Walking around the complex, Danny appoints out a swarm of periwinkle on the ground beneath some pine trees. Historical buffs say that periwinkle is usually a sign of an old cemetery in the vicinity. However, a close examination provides no proof of headstones or grave markers. Just a lot of periwinkle.

Another smaller house is located down from the main building. The briars aren't as bad, but its snakier-looking. This structure was probably built later than the main house. More of the house boards are intact. The ever-present chimney looks like it did more cooking than the other home.

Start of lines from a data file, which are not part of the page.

(* Let $k$ be a difference field of characteristic $0$ and $R=k\{y_1,\ldots,y_n\}$. Any strictly ascending chain $I_1\subsetneq I_2\subsetneq\cdots$ of well-mixed $\sigma$-ideals of $R$, each of which is generated by monomials (i.e. each $I_j$ is the well-mixed closure $\langle F_j\rangle$ of some set $F_j$ of monomials), is finite.
   Context: A difference field is a field $k$ with a ring endomorphism $\sigma$. $R=k\{y_1,\ldots,y_n\}$ is the polynomial ring over $k$ in the variables $\sigma^j(y_i)$ ($1\le i\le n$, $j\ge0$) with $\sigma$ extended naturally. For $p=\sum c_ix^i\in\mathbb{N}[x]$ and $a\in R$, $a^p=\prod_i(\sigma^i(a))^{c_i}$; for $\mathbf{u}\in\mathbb{N}[x]^n$ a monomial is $\mathbf{y}^{\mathbf{u}}=y_1^{u_1}\cdots y_n^{u_n}$. A $\sigma$-ideal is an ideal stable under $\sigma$; it is well-mixed if $ab\in I$ implies $a\sigma(b)\in I$. $\langle F\rangle$ is the smallest well-mixed $\sigma$-ideal containing $F$. *)

theory Defs
  imports "HOL-Library.Poly_Mapping"
begin

text \<open>The difference polynomial ring R = k{y_1,...,y_n}: polynomials over k in the
variables sigma^j(y_i), represented as the variable (i, j) with i ranging over a finite
index type 'i (so n = CARD('i)) and j :: nat.  A monomial (exponent vector) is a
finitely supported map from variables to nat; a polynomial is a finitely
supported map from monomials to coefficients.\<close>

type_synonym ('i, 'k) dpoly = "(('i \<times> nat) \<Rightarrow>\<^sub>0 nat) \<Rightarrow>\<^sub>0 'k"

definition ring_endo :: "('k::field \<Rightarrow> 'k) \<Rightarrow> bool" where
  "ring_endo s \<longleftrightarrow> (\<forall>a b. s (a + b) = s a + s b) \<and> (\<forall>a b. s (a * b) = s a * s b) \<and> s 1 = 1"

definition shift_mon :: "(('i \<times> nat) \<Rightarrow>\<^sub>0 nat) \<Rightarrow> (('i \<times> nat) \<Rightarrow>\<^sub>0 nat)" where
  "shift_mon m = (\<Sum>v\<in>Poly_Mapping.keys m. Poly_Mapping.single (fst v, Suc (snd v)) (Poly_Mapping.lookup m v))"

definition dsigma :: "('k::field \<Rightarrow> 'k) \<Rightarrow> ('i, 'k) dpoly \<Rightarrow> ('i, 'k) dpoly" where
  "dsigma s p = (\<Sum>m\<in>Poly_Mapping.keys p. Poly_Mapping.single (shift_mon m) (s (Poly_Mapping.lookup p m)))"

definition is_ideal :: "('i, 'k::field) dpoly set \<Rightarrow> bool" where
  "is_ideal I \<longleftrightarrow> 0 \<in> I \<and> (\<forall>a\<in>I. \<forall>b\<in>I. a + b \<in> I) \<and> (\<forall>a\<in>I. \<forall>r. r * a \<in> I)"

definition sigma_ideal :: "('k::field \<Rightarrow> 'k) \<Rightarrow> ('i, 'k) dpoly set \<Rightarrow> bool" where
  "sigma_ideal s I \<longleftrightarrow> is_ideal I \<and> (\<forall>a\<in>I. dsigma s a \<in> I)"

definition well_mixed :: "('k::field \<Rightarrow> 'k) \<Rightarrow> ('i, 'k) dpoly set \<Rightarrow> bool" where
  "well_mixed s I \<longleftrightarrow> (\<forall>a b. a * b \<in> I \<longrightarrow> a * dsigma s b \<in> I)"

definition wm_closure :: "('k::field \<Rightarrow> 'k) \<Rightarrow> ('i, 'k) dpoly set \<Rightarrow> ('i, 'k) dpoly set" where
  "wm_closure s F = \<Inter> {I. sigma_ideal s I \<and> well_mixed s I \<and> F \<subseteq> I}"

definition is_monomial :: "('i, 'k::field) dpoly \<Rightarrow> bool" where
  "is_monomial p \<longleftrightarrow> (\<exists>m. p = Poly_Mapping.single m 1)"

end

(* The exponents of the monomials in a well-mixed sigma-ideal form a set that is closed under
   multiplication by arbitrary monomials and under replacing a factor sigma^j(y_i) by
   sigma^(j+1)(y_i) (well-mixedness applied to a * sigma^j(y_i)). Such a set is upward closed
   for the order comparing all tail degrees, the degree of a monomial in the variables
   sigma^j(y_i) with j >= d. For fixed i the tail degrees of a monomial form a Young diagram;
   Young diagrams under inclusion are well-quasi-ordered, and by Ramsey's theorem so are their
   finite products. A strictly ascending chain of monomially generated well-mixed sigma-ideals
   provides at each step j a generating monomial of I_(j+1) outside I_j, and these monomials
   would form a bad sequence for that order. *)

theory Submission
  imports Defs "HOL-Library.Ramsey"
begin

section \<open>Almost full relations\<close>

definition almost_full_on :: "('a \<Rightarrow> 'a \<Rightarrow> bool) \<Rightarrow> 'a set \<Rightarrow> bool" where
  "almost_full_on P A \<longleftrightarrow> (\<forall>f :: nat \<Rightarrow> 'a. (\<forall>k. f k \<in> A) \<longrightarrow> (\<exists>i j. i < j \<and> P (f i) (f j)))"

lemma almost_full_onI:
  assumes "\<And>f :: nat \<Rightarrow> 'a. (\<And>k. f k \<in> A) \<Longrightarrow> \<exists>i j. i < j \<and> P (f i) (f j)"
  shows "almost_full_on P A"
  using assms unfolding almost_full_on_def by blast

lemma almost_full_onD:
  assumes "almost_full_on P A" "\<And>k :: nat. f k \<in> A"
  obtains i j where "i < j" "P (f i) (f j)"
  using assms unfolding almost_full_on_def by blast

lemma almost_full_on_imp_homogeneous_subseq:
  assumes "almost_full_on P A" "\<And>k :: nat. f k \<in> A"
  obtains g :: "nat \<Rightarrow> nat" where "strict_mono g" "\<And>i j. i < j \<Longrightarrow> P (f (g i)) (f (g j))"
proof -
  define col where "col X = (if P (f (Min X)) (f (Max X)) then 0 else 1::nat)" for X
  have "\<exists>Y t. Y \<subseteq> UNIV \<and> infinite Y \<and> t < 2 \<and> (\<forall>x\<in>Y. \<forall>y\<in>Y. x \<noteq> y \<longrightarrow> col {x, y} = t)"
    by (rule Ramsey2) (auto simp: col_def)
  then obtain Y t where Y: "infinite Y" and hom: "\<forall>x\<in>Y. \<forall>y\<in>Y. x \<noteq> y \<longrightarrow> col {x, y} = t"
    by blast
  define g where "g = enumerate Y"
  have g: "strict_mono g"
    using Y by (simp add: g_def strict_mono_enumerate)
  have col_g: "col {g i, g j} = (if P (f (g i)) (f (g j)) then 0 else 1)" if "i < j" for i j
    using strict_monoD[OF g that] by (simp add: col_def min_def max_def)
  have g_in: "g i \<in> Y" for i
    using Y by (simp add: g_def enumerate_in_set)
  have hom_g: "col {g i, g j} = t" if "i < j" for i j
    using hom g_in strict_monoD[OF g that] by (metis less_irrefl)
  obtain i j where "i < j" "P (f (g i)) (f (g j))"
    using almost_full_onD[OF assms(1), of "f \<circ> g"] assms(2) by auto
  then have "t = 0"
    using col_g hom_g by simp
  then have "P (f (g i)) (f (g j))" if "i < j" for i j
    using col_g[OF that] hom_g[OF that] by (simp split: if_splits)
  with g show thesis
    by (rule that)
qed

lemma homogeneous_subseq_fun:
  assumes "finite X" "almost_full_on P A" "\<And>k x. x \<in> X \<Longrightarrow> f k x \<in> A"
  shows "\<exists>g :: nat \<Rightarrow> nat. strict_mono g \<and> (\<forall>i j. i < j \<longrightarrow> (\<forall>x\<in>X. P (f (g i) x) (f (g j) x)))"
  using assms(1,3)
proof (induction X arbitrary: f rule: finite_induct)
  case empty
  show ?case
    by (rule exI[of _ id]) (simp add: strict_mono_def)
next
  case (insert x X)
  have "\<exists>g :: nat \<Rightarrow> nat. strict_mono g \<and> (\<forall>i j. i < j \<longrightarrow> (\<forall>y\<in>X. P (f (g i) y) (f (g j) y)))"
    by (rule insert.IH) (simp add: insert.prems)
  then obtain g :: "nat \<Rightarrow> nat" where g: "strict_mono g"
    and g_hom: "\<forall>i j. i < j \<longrightarrow> (\<forall>y\<in>X. P (f (g i) y) (f (g j) y))"
    by blast
  have "f (g k) x \<in> A" for k
    using insert.prems by simp
  then obtain h :: "nat \<Rightarrow> nat" where h: "strict_mono h"
    and h_hom: "\<And>i j. i < j \<Longrightarrow> P (f (g (h i)) x) (f (g (h j)) x)"
    using almost_full_on_imp_homogeneous_subseq[OF assms(2), of "\<lambda>k. f (g k) x"] by blast
  have "strict_mono (g \<circ> h)"
    using g h by (simp add: strict_mono_def)
  moreover have "\<forall>y\<in>insert x X. P (f ((g \<circ> h) i) y) (f ((g \<circ> h) j) y)" if "i < j" for i j
    using h_hom[OF that] g_hom strict_monoD[OF h that] by simp
  ultimately show ?case
    by blast
qed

The inside of the house is filled with strewn boards and other equipment. Similar to the main house old pieces of lumber are numbered. Danny said that was a technique used to make construction easier.

Danny said no one has lived in the house for at least 30 or 40 years. The last known occupants were two elderly bachelors who raised chickens and kept their doors open year-round.1

Long-Lost Ancestor

A few days later, Danny comes into the office to share more information he has gathered about the family. Any additional information will help make the story interesting, so we discuss his latest find.

While Danny is telling me about the lineage of the families who owned the property, I notice a name listed on one of his folders. Rene LaForce, my fifth great-grandfather, had a daughter named Judith. It appears Judith married a man named Robert Burton. The Burtons had a daughter, Mary. Mary married Thomas Fearn who lived at the home.

Judith came to live with Mary here. About 1820, Judith died at about age 90. Any distant cousins out there? Call me at the newspaper, extension 3088.

I'm not making a claim on the property, it's just interesting to see where your ancestors were living about 200 years ago.

During the celebration of Danville's 200th birthday, we should not forget the homes where no one lives. These structures are a symbol of this community's heritage that have almost been erased by time.

1Those two old bachelors were Edmund Richardson Walters (1873-1958) and Azariah Graves Walters (1871-1961). Technically Azariah was not a bachelor having once been married. Both lived well into their eighties. Grandsons of Captain Azariah Graves Walters (1810-1899), they owned the property where the house was located. Their father is Archibald Edmund Walters (1842-1919). My father remembers them living there. He also remembers the Catholic School. They lived most of their lives in Rockingham County, North Carolina. Azariah came to Caswell County later in life to operate the Walters Mill. Azariah Graves Walters died in 1961 at the age of 89, Edmund Richardson Walters died a few years earlier. Both are buried in Rockingham County, North Carolina (Greenview Cemetery). I don't know who inherited the property. They outlived their other siblings. Neither had children, nor did they have any nieces or nephews. Azariah's property in Rockingham County known as Irvin Heights was inherited by his numerous cousins. He apparently died without a will. The same probably applied to his property in Caswell County, North Carolina, and Pittsylvania County, Virginia. Source: Charles Sidney Walters III Email 3 February 2012.